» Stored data
....
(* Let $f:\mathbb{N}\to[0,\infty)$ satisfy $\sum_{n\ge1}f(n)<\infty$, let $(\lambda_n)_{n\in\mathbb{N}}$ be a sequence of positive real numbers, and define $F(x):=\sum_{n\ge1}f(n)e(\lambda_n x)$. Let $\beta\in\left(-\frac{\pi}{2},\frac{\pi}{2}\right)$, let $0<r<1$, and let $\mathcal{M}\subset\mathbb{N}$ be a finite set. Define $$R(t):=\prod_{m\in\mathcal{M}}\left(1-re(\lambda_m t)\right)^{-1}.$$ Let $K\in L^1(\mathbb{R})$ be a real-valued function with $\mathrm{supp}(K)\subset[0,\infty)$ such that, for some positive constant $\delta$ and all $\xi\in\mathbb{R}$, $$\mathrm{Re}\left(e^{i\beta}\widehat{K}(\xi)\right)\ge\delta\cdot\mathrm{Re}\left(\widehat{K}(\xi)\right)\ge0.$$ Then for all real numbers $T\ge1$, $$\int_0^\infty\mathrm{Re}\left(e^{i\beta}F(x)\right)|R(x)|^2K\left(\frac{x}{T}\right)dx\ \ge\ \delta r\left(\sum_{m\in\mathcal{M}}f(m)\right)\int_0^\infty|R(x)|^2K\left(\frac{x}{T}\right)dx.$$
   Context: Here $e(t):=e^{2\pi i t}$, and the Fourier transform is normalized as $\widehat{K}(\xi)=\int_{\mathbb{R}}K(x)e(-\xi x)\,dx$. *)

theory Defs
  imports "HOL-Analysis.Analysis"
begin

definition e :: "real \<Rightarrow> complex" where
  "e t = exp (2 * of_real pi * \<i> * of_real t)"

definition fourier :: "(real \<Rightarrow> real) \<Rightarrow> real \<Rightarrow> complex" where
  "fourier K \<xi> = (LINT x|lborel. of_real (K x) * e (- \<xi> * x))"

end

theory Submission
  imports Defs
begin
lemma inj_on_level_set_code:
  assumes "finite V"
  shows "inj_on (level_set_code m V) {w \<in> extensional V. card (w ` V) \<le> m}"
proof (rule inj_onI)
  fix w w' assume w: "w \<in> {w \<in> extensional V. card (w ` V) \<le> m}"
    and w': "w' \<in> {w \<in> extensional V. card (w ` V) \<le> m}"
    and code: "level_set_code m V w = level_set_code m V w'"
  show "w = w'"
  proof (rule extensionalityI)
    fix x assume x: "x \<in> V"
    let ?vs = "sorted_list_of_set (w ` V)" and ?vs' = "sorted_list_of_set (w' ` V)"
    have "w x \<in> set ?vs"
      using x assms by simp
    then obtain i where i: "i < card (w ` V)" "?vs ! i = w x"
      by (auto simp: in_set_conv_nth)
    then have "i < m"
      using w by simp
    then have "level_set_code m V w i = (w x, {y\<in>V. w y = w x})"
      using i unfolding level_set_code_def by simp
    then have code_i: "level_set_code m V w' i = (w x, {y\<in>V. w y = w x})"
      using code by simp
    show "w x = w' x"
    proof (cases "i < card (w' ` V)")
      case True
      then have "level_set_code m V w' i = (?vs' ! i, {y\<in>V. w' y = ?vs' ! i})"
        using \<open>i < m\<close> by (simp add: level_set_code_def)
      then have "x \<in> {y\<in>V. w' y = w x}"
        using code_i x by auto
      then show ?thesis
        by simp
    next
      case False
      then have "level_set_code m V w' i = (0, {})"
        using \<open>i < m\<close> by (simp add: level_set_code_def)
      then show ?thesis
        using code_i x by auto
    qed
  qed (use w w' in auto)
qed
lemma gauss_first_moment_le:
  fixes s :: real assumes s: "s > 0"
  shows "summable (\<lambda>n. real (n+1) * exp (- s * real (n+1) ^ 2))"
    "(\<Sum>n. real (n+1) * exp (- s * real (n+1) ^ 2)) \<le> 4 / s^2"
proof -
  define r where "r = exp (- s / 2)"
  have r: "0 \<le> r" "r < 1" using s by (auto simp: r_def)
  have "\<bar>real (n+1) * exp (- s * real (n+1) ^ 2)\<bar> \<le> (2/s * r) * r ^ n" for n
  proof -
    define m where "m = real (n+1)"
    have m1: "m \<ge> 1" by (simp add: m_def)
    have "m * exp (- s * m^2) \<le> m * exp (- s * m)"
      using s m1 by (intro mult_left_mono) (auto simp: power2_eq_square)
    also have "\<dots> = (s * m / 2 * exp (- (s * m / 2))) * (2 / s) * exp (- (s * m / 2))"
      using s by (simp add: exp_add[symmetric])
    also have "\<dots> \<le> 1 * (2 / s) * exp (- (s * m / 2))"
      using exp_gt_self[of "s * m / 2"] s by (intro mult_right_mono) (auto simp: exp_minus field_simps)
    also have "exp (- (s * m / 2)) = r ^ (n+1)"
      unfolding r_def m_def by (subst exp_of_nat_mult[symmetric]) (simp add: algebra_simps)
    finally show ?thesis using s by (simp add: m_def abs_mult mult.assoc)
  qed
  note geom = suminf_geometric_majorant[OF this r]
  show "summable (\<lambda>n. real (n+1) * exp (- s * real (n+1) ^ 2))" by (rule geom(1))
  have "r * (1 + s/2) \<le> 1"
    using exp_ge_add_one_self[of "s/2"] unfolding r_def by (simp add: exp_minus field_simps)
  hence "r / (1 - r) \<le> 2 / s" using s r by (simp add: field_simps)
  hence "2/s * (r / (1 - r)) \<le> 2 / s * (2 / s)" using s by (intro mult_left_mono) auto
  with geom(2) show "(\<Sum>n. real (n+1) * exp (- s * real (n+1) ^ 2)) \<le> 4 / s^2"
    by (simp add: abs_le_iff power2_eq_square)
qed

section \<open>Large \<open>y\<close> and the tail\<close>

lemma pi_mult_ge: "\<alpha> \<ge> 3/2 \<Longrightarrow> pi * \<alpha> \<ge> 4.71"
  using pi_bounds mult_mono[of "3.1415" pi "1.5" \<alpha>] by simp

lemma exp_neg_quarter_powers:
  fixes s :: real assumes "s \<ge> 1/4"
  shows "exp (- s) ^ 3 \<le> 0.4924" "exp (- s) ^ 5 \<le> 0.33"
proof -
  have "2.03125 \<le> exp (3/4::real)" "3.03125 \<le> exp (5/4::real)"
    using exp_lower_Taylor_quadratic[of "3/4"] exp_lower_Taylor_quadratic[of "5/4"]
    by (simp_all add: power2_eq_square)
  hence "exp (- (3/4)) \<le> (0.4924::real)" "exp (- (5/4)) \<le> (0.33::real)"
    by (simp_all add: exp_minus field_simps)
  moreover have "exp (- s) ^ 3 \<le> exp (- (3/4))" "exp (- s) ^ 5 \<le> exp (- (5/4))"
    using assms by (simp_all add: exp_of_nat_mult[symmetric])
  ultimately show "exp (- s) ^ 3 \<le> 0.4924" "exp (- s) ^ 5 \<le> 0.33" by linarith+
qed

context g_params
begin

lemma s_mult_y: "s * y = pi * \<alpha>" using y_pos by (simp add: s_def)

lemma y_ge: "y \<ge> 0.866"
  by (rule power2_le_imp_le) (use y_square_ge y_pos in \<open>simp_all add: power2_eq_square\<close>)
....
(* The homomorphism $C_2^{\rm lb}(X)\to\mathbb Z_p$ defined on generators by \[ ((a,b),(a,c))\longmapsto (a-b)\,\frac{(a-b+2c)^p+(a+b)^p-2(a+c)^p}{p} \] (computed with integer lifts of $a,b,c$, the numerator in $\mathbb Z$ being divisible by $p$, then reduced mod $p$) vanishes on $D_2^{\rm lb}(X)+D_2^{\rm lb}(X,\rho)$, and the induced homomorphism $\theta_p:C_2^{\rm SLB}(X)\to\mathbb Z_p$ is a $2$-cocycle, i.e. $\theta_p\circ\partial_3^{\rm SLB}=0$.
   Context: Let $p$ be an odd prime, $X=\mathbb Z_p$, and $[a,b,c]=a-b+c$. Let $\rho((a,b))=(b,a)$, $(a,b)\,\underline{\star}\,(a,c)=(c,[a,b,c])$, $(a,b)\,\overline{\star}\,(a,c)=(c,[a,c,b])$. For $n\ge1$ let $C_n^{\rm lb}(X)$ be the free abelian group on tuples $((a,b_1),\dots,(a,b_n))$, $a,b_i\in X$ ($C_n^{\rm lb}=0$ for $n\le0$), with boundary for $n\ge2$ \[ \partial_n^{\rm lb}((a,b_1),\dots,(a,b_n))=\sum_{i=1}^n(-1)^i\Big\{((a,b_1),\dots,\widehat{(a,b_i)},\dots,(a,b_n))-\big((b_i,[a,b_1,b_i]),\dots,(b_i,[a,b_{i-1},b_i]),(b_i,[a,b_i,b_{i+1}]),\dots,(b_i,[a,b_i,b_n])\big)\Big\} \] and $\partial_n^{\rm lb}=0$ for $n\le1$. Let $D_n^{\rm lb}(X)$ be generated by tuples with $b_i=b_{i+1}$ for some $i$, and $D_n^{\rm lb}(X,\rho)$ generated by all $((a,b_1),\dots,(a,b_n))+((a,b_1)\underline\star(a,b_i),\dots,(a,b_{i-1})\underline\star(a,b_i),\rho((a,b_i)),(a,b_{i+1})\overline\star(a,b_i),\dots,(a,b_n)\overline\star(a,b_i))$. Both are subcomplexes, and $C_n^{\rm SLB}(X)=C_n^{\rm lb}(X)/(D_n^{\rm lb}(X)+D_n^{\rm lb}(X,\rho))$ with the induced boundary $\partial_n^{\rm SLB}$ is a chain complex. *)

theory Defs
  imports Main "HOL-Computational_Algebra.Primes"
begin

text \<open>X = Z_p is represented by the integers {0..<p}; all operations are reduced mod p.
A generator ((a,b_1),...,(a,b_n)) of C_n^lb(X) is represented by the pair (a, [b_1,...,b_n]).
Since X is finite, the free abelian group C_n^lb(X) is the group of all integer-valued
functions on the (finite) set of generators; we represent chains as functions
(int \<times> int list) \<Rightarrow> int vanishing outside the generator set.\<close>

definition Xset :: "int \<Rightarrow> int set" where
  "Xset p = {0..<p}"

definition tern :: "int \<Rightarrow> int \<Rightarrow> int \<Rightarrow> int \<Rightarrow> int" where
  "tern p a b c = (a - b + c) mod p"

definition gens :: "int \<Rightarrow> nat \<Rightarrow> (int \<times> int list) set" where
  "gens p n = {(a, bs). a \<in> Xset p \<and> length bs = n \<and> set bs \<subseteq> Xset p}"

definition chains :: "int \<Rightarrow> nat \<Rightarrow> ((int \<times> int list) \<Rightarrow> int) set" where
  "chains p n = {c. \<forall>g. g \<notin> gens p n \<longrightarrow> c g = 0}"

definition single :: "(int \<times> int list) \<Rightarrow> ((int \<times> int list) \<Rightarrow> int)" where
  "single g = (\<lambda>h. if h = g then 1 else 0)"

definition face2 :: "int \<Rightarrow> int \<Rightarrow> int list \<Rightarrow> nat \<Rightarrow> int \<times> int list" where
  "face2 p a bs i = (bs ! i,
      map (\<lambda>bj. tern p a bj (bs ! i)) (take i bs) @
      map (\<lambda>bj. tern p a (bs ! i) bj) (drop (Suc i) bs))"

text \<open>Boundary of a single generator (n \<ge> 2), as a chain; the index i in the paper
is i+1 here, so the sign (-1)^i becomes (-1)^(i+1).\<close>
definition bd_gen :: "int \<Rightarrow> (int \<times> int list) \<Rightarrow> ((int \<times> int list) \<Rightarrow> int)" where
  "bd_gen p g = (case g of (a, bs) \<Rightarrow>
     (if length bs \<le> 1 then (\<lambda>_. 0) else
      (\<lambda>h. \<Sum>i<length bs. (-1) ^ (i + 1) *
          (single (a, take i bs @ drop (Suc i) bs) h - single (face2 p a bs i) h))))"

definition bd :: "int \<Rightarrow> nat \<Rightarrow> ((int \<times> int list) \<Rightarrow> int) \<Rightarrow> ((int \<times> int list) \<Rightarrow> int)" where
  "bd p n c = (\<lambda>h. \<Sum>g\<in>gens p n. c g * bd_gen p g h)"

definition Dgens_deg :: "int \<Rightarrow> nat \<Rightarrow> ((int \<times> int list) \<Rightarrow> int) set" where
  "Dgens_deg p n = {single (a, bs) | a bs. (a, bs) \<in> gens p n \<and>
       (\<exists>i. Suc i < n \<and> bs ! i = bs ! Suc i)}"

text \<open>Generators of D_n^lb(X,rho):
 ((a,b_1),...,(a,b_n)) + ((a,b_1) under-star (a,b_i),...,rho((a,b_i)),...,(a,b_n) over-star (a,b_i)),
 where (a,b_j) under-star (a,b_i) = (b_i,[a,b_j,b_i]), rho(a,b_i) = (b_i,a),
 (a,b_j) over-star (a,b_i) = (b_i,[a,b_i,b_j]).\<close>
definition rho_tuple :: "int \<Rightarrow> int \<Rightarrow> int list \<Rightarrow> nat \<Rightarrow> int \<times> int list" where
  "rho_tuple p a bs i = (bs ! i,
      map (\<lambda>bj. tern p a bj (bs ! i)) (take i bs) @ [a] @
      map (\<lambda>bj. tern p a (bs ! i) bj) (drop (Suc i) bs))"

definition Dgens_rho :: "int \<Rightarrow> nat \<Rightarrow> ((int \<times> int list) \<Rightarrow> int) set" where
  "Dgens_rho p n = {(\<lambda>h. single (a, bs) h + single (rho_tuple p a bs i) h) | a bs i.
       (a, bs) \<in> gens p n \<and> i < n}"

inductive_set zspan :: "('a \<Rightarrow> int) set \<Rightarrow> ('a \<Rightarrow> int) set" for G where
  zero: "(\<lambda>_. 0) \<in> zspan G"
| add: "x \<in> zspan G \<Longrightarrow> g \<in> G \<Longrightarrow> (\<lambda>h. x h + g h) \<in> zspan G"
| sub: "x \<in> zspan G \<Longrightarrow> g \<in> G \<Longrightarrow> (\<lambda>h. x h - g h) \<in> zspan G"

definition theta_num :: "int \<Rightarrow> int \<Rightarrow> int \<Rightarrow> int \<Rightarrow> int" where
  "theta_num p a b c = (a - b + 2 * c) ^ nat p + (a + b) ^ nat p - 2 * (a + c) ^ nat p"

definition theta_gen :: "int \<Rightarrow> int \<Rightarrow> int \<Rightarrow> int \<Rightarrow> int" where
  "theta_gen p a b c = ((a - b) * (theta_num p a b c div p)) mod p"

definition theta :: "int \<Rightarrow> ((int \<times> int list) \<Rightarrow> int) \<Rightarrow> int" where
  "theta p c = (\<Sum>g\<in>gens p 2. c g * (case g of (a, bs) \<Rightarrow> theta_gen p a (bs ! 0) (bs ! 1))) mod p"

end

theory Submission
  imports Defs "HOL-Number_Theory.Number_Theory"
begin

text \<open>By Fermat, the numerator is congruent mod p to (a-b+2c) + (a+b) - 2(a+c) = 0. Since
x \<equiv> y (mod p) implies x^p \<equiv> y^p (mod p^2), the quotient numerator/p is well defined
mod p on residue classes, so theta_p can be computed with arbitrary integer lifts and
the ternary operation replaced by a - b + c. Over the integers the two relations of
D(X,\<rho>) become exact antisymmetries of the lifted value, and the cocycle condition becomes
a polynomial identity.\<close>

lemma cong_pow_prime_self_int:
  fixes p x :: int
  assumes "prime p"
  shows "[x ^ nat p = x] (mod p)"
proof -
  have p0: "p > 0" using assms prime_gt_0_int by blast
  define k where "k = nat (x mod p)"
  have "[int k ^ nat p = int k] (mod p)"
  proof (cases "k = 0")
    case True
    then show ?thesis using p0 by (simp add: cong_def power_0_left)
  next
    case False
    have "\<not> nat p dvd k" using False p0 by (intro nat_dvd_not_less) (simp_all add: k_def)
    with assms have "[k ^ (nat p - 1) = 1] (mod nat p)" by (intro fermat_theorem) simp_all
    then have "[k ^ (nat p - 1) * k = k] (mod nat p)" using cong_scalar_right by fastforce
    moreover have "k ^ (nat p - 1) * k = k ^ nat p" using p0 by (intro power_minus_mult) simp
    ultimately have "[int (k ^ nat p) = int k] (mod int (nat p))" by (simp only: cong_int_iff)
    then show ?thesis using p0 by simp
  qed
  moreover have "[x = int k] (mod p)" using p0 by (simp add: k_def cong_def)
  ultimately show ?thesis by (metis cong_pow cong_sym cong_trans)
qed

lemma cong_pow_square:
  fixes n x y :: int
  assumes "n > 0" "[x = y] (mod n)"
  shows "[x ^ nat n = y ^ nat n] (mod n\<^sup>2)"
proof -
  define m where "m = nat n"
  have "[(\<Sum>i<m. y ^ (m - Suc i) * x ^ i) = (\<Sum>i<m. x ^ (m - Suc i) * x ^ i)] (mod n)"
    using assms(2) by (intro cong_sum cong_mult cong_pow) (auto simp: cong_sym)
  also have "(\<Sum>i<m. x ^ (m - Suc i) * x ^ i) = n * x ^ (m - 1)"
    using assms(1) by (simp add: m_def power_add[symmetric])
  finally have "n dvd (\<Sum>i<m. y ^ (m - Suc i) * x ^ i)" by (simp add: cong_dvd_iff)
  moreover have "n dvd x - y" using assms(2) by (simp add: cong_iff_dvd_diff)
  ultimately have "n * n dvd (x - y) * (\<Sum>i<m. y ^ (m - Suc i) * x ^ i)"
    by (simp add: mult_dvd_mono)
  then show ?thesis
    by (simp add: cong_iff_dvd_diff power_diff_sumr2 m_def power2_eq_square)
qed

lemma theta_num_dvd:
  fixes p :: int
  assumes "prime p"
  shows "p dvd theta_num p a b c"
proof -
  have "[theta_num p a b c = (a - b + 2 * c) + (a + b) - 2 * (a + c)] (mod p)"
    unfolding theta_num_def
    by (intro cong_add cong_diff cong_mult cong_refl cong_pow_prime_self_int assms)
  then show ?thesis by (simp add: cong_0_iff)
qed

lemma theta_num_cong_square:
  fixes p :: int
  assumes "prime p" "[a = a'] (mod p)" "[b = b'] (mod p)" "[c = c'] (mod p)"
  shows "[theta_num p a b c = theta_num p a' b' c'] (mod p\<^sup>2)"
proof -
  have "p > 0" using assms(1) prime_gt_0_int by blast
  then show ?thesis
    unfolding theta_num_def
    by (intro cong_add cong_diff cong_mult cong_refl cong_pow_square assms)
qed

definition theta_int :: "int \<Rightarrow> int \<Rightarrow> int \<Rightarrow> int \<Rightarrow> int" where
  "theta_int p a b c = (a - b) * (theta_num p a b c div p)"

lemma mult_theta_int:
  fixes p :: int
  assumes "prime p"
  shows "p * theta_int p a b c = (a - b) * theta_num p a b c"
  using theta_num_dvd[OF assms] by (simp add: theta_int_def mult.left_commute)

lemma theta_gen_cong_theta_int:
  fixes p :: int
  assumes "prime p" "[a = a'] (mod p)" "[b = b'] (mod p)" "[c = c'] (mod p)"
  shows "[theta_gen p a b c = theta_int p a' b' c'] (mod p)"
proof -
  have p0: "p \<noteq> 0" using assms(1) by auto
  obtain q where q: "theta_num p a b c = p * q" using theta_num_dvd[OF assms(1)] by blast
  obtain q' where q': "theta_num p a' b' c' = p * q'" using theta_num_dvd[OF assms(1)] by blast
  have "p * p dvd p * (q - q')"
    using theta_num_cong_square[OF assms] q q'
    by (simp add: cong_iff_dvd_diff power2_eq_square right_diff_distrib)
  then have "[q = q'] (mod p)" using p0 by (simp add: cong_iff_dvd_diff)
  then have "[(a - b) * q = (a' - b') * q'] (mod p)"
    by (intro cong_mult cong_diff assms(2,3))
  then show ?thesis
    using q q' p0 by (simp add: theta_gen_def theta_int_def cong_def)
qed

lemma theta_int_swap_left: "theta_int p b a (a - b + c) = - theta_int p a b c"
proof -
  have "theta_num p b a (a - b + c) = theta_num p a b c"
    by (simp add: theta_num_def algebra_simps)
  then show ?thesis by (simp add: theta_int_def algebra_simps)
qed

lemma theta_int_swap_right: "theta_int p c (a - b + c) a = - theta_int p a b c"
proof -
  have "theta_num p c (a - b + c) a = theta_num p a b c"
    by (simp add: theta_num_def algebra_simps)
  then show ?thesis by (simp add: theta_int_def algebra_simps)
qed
....
» Work required
Please go through the data above and copy every line that has the word "free".

» Answer
   Context: Let $p$ be an odd prime, $X=\mathbb Z_p$, and $[a,b,c]=a-b+c$. Let $\rho((a,b))=(b,a)$, $(a,b)\,\underline{\star}\,(a,c)=(c,[a,b,c])$, $(a,b)\,\overline{\star}\,(a,c)=(c,[a,c,b])$. For $n\ge1$ let $C_n^{\rm lb}(X)$ be the free abelian group on tuples $((a,b_1),\dots,(a,b_n))$, $a,b_i\in X$ ($C_n^{\rm lb}=0$ for $n\le0$), with boundary for $n\ge2$ \[ \partial_n^{\rm lb}((a,b_1),\dots,(a,b_n))=\sum_{i=1}^n(-1)^i\Big\{((a,b_1),\dots,\widehat{(a,b_i)},\dots,(a,b_n))-\big((b_i,[a,b_1,b_i]),\dots,(b_i,[a,b_{i-1},b_i]),(b_i,[a,b_i,b_{i+1}]),\dots,(b_i,[a,b_i,b_n])\big)\Big\} \] and $\partial_n^{\rm lb}=0$ for $n\le1$. Let $D_n^{\rm lb}(X)$ be generated by tuples with $b_i=b_{i+1}$ for some $i$, and $D_n^{\rm lb}(X,\rho)$ generated by all $((a,b_1),\dots,(a,b_n))+((a,b_1)\underline\star(a,b_i),\dots,(a,b_{i-1})\underline\star(a,b_i),\rho((a,b_i)),(a,b_{i+1})\overline\star(a,b_i),\dots,(a,b_n)\overline\star(a,b_i))$. Both are subcomplexes, and $C_n^{\rm SLB}(X)=C_n^{\rm lb}(X)/(D_n^{\rm lb}(X)+D_n^{\rm lb}(X,\rho))$ with the induced boundary $\partial_n^{\rm SLB}$ is a chain complex. *)
Since X is finite, the free abelian group C_n^lb(X) is the group of all integer-valued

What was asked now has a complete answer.